Nothing in the data is to be left out; copy it exactly.

--- DATA LISTING Enclosed Below ---

lemma card_decreasing_compositions: "card (decreasing_compositions i) = num_partitions i"
proof -
  let ?P = "{M :: nat multiset. (\<forall>x\<in>#M. 0 < x) \<and> sum_mset M = i}"
  have "bij_betw mset (decreasing_compositions i) ?P"
  proof (rule bij_betw_byWitness[where f' = "\<lambda>M. rev (sorted_list_of_multiset M)"])
    show "\<forall>x\<in>decreasing_compositions i. rev (sorted_list_of_multiset (mset x)) = x"
      by (auto simp: decreasing_compositions_def intro!: properties_for_sort[THEN rev_swap[THEN iffD2]])
    show "\<forall>M\<in>?P. mset (rev (sorted_list_of_multiset M)) = M"
      by simp
    show "mset ` decreasing_compositions i \<subseteq> ?P"
      by (auto simp: decreasing_compositions_def ordered_partitions_def sum_mset_sum_list)
    have "sum_list (sorted_list_of_multiset M) = sum_mset M" for M :: "nat multiset"
      by (metis mset_sorted_list_of_multiset sum_mset_sum_list)
    then show "(\<lambda>M. rev (sorted_list_of_multiset M)) ` ?P \<subseteq> decreasing_compositions i"
      by (auto simp: decreasing_compositions_def ordered_partitions_def)
  qed
  then show ?thesis
    unfolding num_partitions_def by (rule bij_betw_same_card)
qed

lemma num_partitions_0: "num_partitions 0 = 1"
proof -
  have "decreasing_compositions 0 = {[]}"
    by (auto simp: decreasing_compositions_def ordered_partitions_0)
  then show ?thesis
    using card_decreasing_compositions[of 0] by simp
qed

definition prefix_splits :: "nat \<Rightarrow> (nat list \<times> nat list) set" where
  "prefix_splits b = (\<Union>i\<in>{1..b}. decreasing_compositions i \<times> ordered_partitions (b - i))"

lemma split_at_decreasing_prefix_end:
  assumes "u \<in> ordered_partitions b" "m \<in> decreasing_prefix_ends u"
  shows "(take (Suc m) u, drop (Suc m) u) \<in> prefix_splits b"
proof -
  let ?x = "take (Suc m) u" and ?y = "drop (Suc m) u"
  define i where "i = sum_list ?x"
  have u: "\<forall>a\<in>set u. 0 < a" "sum_list u = b"
    using assms(1) by (simp_all add: ordered_partitions_def)
  have m: "m < length u" "sorted (rev ?x)"
    using assms(2) by (simp_all add: decreasing_prefix_ends_def)
  have pos: "\<forall>a\<in>set ?x. 0 < a" "\<forall>a\<in>set ?y. 0 < a"
    using u(1) by (blast dest: in_set_takeD in_set_dropD)+
  have "i + sum_list ?y = b"
    unfolding i_def using u(2) sum_list_append[of ?x ?y] by simp
  moreover have "1 \<le> i"
    unfolding i_def using m(1) length_le_sum_list_pos[OF pos(1)] by simp
  ultimately have "i \<in> {1..b}" "?x \<in> decreasing_compositions i" "?y \<in> ordered_partitions (b - i)"
    using m(2) pos by (auto simp: i_def decreasing_compositions_def ordered_partitions_def)
  then show ?thesis
    unfolding prefix_splits_def by blast
qed

lemma append_prefix_split:
  assumes "(x, y) \<in> prefix_splits b"
  shows "x \<noteq> []" "x @ y \<in> ordered_partitions b" "length x - 1 \<in> decreasing_prefix_ends (x @ y)"
proof -
  obtain i where i: "1 \<le> i" "i \<le> b" "x \<in> decreasing_compositions i" "y \<in> ordered_partitions (b - i)"
    using assms by (auto simp: prefix_splits_def)
  then show "x \<noteq> []"
    by (auto simp: decreasing_compositions_def ordered_partitions_def)
  then show "length x - 1 \<in> decreasing_prefix_ends (x @ y)"
    using i(3) by (cases x) (simp_all add: decreasing_prefix_ends_def decreasing_compositions_def)
  show "x @ y \<in> ordered_partitions b"
    using i by (auto simp: decreasing_compositions_def ordered_partitions_def)
qed

lemma bij_betw_split_at_decreasing_prefix:
  "bij_betw (\<lambda>(u, m). (take (Suc m) u, drop (Suc m) u))
     (SIGMA u:ordered_partitions b. decreasing_prefix_ends u) (prefix_splits b)"
  (is "bij_betw ?split ?S _")
proof (rule bij_betw_byWitness[where f' = "\<lambda>(x, y). (x @ y, length x - 1)"])
  show "\<forall>a\<in>?S. (\<lambda>(x, y). (x @ y, length x - 1)) (?split a) = a"
    by (auto simp: decreasing_prefix_ends_def)
  show "\<forall>a\<in>prefix_splits b. ?split ((\<lambda>(x, y). (x @ y, length x - 1)) a) = a"
    using append_prefix_split(1) by auto
  show "?split ` ?S \<subseteq> prefix_splits b"
    using split_at_decreasing_prefix_end by auto
  show "(\<lambda>(x, y). (x @ y, length x - 1)) ` prefix_splits b \<subseteq> ?S"
    using append_prefix_split(2,3) by auto
qed

lemma sum_card_decreasing_prefix_ends:
  "(\<Sum>u\<in>ordered_partitions b. card (decreasing_prefix_ends u))
     = (\<Sum>i=1..b. num_partitions i * card (ordered_partitions (b - i)))"
proof -
  have "(\<Sum>u\<in>ordered_partitions b. card (decreasing_prefix_ends u))
      = card (SIGMA u:ordered_partitions b. decreasing_prefix_ends u)"
    using finite_ordered_partitions by (simp add: decreasing_prefix_ends_def)
  also have "\<dots> = card (prefix_splits b)"
    using bij_betw_split_at_decreasing_prefix by (rule bij_betw_same_card)
  also have "\<dots> = (\<Sum>i=1..b. card (decreasing_compositions i \<times> ordered_partitions (b - i)))"
  proof -
    have "(decreasing_compositions i \<times> ordered_partitions (b - i)) \<inter>
        (decreasing_compositions j \<times> ordered_partitions (b - j)) = {}" if "i \<noteq> j" for i j
      using that by (auto simp: decreasing_compositions_def ordered_partitions_def)
    then show ?thesis
      unfolding prefix_splits_def
      by (intro card_UN_disjoint) (auto simp: finite_decreasing_compositions finite_ordered_partitions)
  qed
  finally show ?thesis
    by (simp add: card_cartesian_product card_decreasing_compositions)
qed

theorem theorem10:
  fixes b :: nat
  shows "trace_A b = num_partitions b + (\<Sum>i<b. 2 ^ (b - i - 1) * num_partitions i)"
proof -
  have trace: "trace_A b = card (ordered_partitions b)
      + (\<Sum>i=1..b. num_partitions i * card (ordered_partitions (b - i)))"
    by (simp add: trace_A_eq sum_card_decreasing_prefix_ends)
  show ?thesis
  proof (cases b)
    case 0
    then show ?thesis
      using trace by (simp add: ordered_partitions_0 num_partitions_0)
  next
    case (Suc n)
    have "(\<Sum>i=1..Suc n. num_partitions i * card (ordered_partitions (Suc n - i)))
        = num_partitions (Suc n) + (\<Sum>i=1..n. 2 ^ (n - i) * num_partitions i)"
      by (simp add: card_ordered_partitions mult.commute)
    moreover have "{..<Suc n} = insert 0 {1..n}"
      by auto
    ultimately show ?thesis
      using trace Suc by (simp add: card_ordered_partitions num_partitions_0)
  qed
qed

end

--- End of Enclosed DATA LISTING ---

ANSWER SECTION
lemma card_decreasing_compositions: "card (decreasing_compositions i) = num_partitions i"
proof -
  let ?P = "{M :: nat multiset. (\<forall>x\<in>#M. 0 < x) \<and> sum_mset M = i}"
  have "bij_betw mset (decreasing_compositions i) ?P"
  proof (rule bij_betw_byWitness[where f' = "\<lambda>M. rev (sorted_list_of_multiset M)"])
    show "\<forall>x\<in>decreasing_compositions i. rev (sorted_list_of_multiset (mset x)) = x"
      by (auto simp: decreasing_compositions_def intro!: properties_for_sort[THEN rev_swap[THEN iffD2]])
    show "\<forall>M\<in>?P. mset (rev (sorted_list_of_multiset M)) = M"
      by simp
    show "mset ` decreasing_compositions i \<subseteq> ?P"
      by (auto simp: decreasing_compositions_def ordered_partitions_def sum_mset_sum_list)
    have "sum_list (sorted_list_of_multiset M) = sum_mset M" for M :: "nat multiset"
      by (metis mset_sorted_list_of_multiset sum_mset_sum_list)
    then show "(\<lambda>M. rev (sorted_list_of_multiset M)) ` ?P \<subseteq> decreasing_compositions i"
      by (auto simp: decreasing_compositions_def ordered_partitions_def)
  qed
  then show ?thesis
    unfolding num_partitions_def by (rule bij_betw_same_card)
qed

lemma num_partitions_0: "num_partitions 0 = 1"
proof -
  have "decreasing_compositions 0 = {[]}"
    by (auto simp: decreasing_compositions_def ordered_partitions_0)
  then show ?thesis
    using card_decreasing_compositions[of 0] by simp
qed

definition prefix_splits :: "nat \<Rightarrow> (nat list \<times> nat list) set" where
  "prefix_splits b = (\<Union>i\<in>{1..b}. decreasing_compositions i \<times> ordered_partitions (b - i))"

lemma split_at_decreasing_prefix_end:
  assumes "u \<in> ordered_partitions b" "m \<in> decreasing_prefix_ends u"
  shows "(take (Suc m) u, drop (Suc m) u) \<in> prefix_splits b"
proof -
  let ?x = "take (Suc m) u" and ?y = "drop (Suc m) u"
  define i where "i = sum_list ?x"
  have u: "\<forall>a\<in>set u. 0 < a" "sum_list u = b"
    using assms(1) by (simp_all add: ordered_partitions_def)
  have m: "m < length u" "sorted (rev ?x)"
    using assms(2) by (simp_all add: decreasing_prefix_ends_def)
  have pos: "\<forall>a\<in>set ?x. 0 < a" "\<forall>a\<in>set ?y. 0 < a"
    using u(1) by (blast dest: in_set_takeD in_set_dropD)+
  have "i + sum_list ?y = b"
    unfolding i_def using u(2) sum_list_append[of ?x ?y] by simp
  moreover have "1 \<le> i"
    unfolding i_def using m(1) length_le_sum_list_pos[OF pos(1)] by simp
  ultimately have "i \<in> {1..b}" "?x \<in> decreasing_compositions i" "?y \<in> ordered_partitions (b - i)"
    using m(2) pos by (auto simp: i_def decreasing_compositions_def ordered_partitions_def)
  then show ?thesis
    unfolding prefix_splits_def by blast
qed

lemma append_prefix_split:
  assumes "(x, y) \<in> prefix_splits b"
  shows "x \<noteq> []" "x @ y \<in> ordered_partitions b" "length x - 1 \<in> decreasing_prefix_ends (x @ y)"
proof -
  obtain i where i: "1 \<le> i" "i \<le> b" "x \<in> decreasing_compositions i" "y \<in> ordered_partitions (b - i)"
    using assms by (auto simp: prefix_splits_def)
  then show "x \<noteq> []"
    by (auto simp: decreasing_compositions_def ordered_partitions_def)
  then show "length x - 1 \<in> decreasing_prefix_ends (x @ y)"
    using i(3) by (cases x) (simp_all add: decreasing_prefix_ends_def decreasing_compositions_def)
  show "x @ y \<in> ordered_partitions b"
    using i by (auto simp: decreasing_compositions_def ordered_partitions_def)
qed

lemma bij_betw_split_at_decreasing_prefix:
  "bij_betw (\<lambda>(u, m). (take (Suc m) u, drop (Suc m) u))
     (SIGMA u:ordered_partitions b. decreasing_prefix_ends u) (prefix_splits b)"
  (is "bij_betw ?split ?S _")
proof (rule bij_betw_byWitness[where f' = "\<lambda>(x, y). (x @ y, length x - 1)"])
  show "\<forall>a\<in>?S. (\<lambda>(x, y). (x @ y, length x - 1)) (?split a) = a"
    by (auto simp: decreasing_prefix_ends_def)
  show "\<forall>a\<in>prefix_splits b. ?split ((\<lambda>(x, y). (x @ y, length x - 1)) a) = a"
    using append_prefix_split(1) by auto
  show "?split ` ?S \<subseteq> prefix_splits b"
    using split_at_decreasing_prefix_end by auto
  show "(\<lambda>(x, y). (x @ y, length x - 1)) ` prefix_splits b \<subseteq> ?S"
    using append_prefix_split(2,3) by auto
qed

lemma sum_card_decreasing_prefix_ends:
  "(\<Sum>u\<in>ordered_partitions b. card (decreasing_prefix_ends u))
     = (\<Sum>i=1..b. num_partitions i * card (ordered_partitions (b - i)))"
proof -
  have "(\<Sum>u\<in>ordered_partitions b. card (decreasing_prefix_ends u))
      = card (SIGMA u:ordered_partitions b. decreasing_prefix_ends u)"
    using finite_ordered_partitions by (simp add: decreasing_prefix_ends_def)
  also have "\<dots> = card (prefix_splits b)"
    using bij_betw_split_at_decreasing_prefix by (rule bij_betw_same_card)
  also have "\<dots> = (\<Sum>i=1..b. card (decreasing_compositions i \<times> ordered_partitions (b - i)))"
  proof -
    have "(decreasing_compositions i \<times> ordered_partitions (b - i)) \<inter>
        (decreasing_compositions j \<times> ordered_partitions (b - j)) = {}" if "i \<noteq> j" for i j
      using that by (auto simp: decreasing_compositions_def ordered_partitions_def)
    then show ?thesis
      unfolding prefix_splits_def
      by (intro card_UN_disjoint) (auto simp: finite_decreasing_compositions finite_ordered_partitions)
  qed
  finally show ?thesis
    by (simp add: card_cartesian_product card_decreasing_compositions)
qed

theorem theorem10:
  fixes b :: nat
  shows "trace_A b = num_partitions b + (\<Sum>i<b. 2 ^ (b - i - 1) * num_partitions i)"
proof -
  have trace: "trace_A b = card (ordered_partitions b)
      + (\<Sum>i=1..b. num_partitions i * card (ordered_partitions (b - i)))"
    by (simp add: trace_A_eq sum_card_decreasing_prefix_ends)
  show ?thesis
  proof (cases b)
    case 0
    then show ?thesis
      using trace by (simp add: ordered_partitions_0 num_partitions_0)
  next
    case (Suc n)
    have "(\<Sum>i=1..Suc n. num_partitions i * card (ordered_partitions (Suc n - i)))
        = num_partitions (Suc n) + (\<Sum>i=1..n. 2 ^ (n - i) * num_partitions i)"
      by (simp add: card_ordered_partitions mult.commute)
    moreover have "{..<Suc n} = insert 0 {1..n}"
      by auto
    ultimately show ?thesis
      using trace Suc by (simp add: card_ordered_partitions num_partitions_0)
  qed
qed

end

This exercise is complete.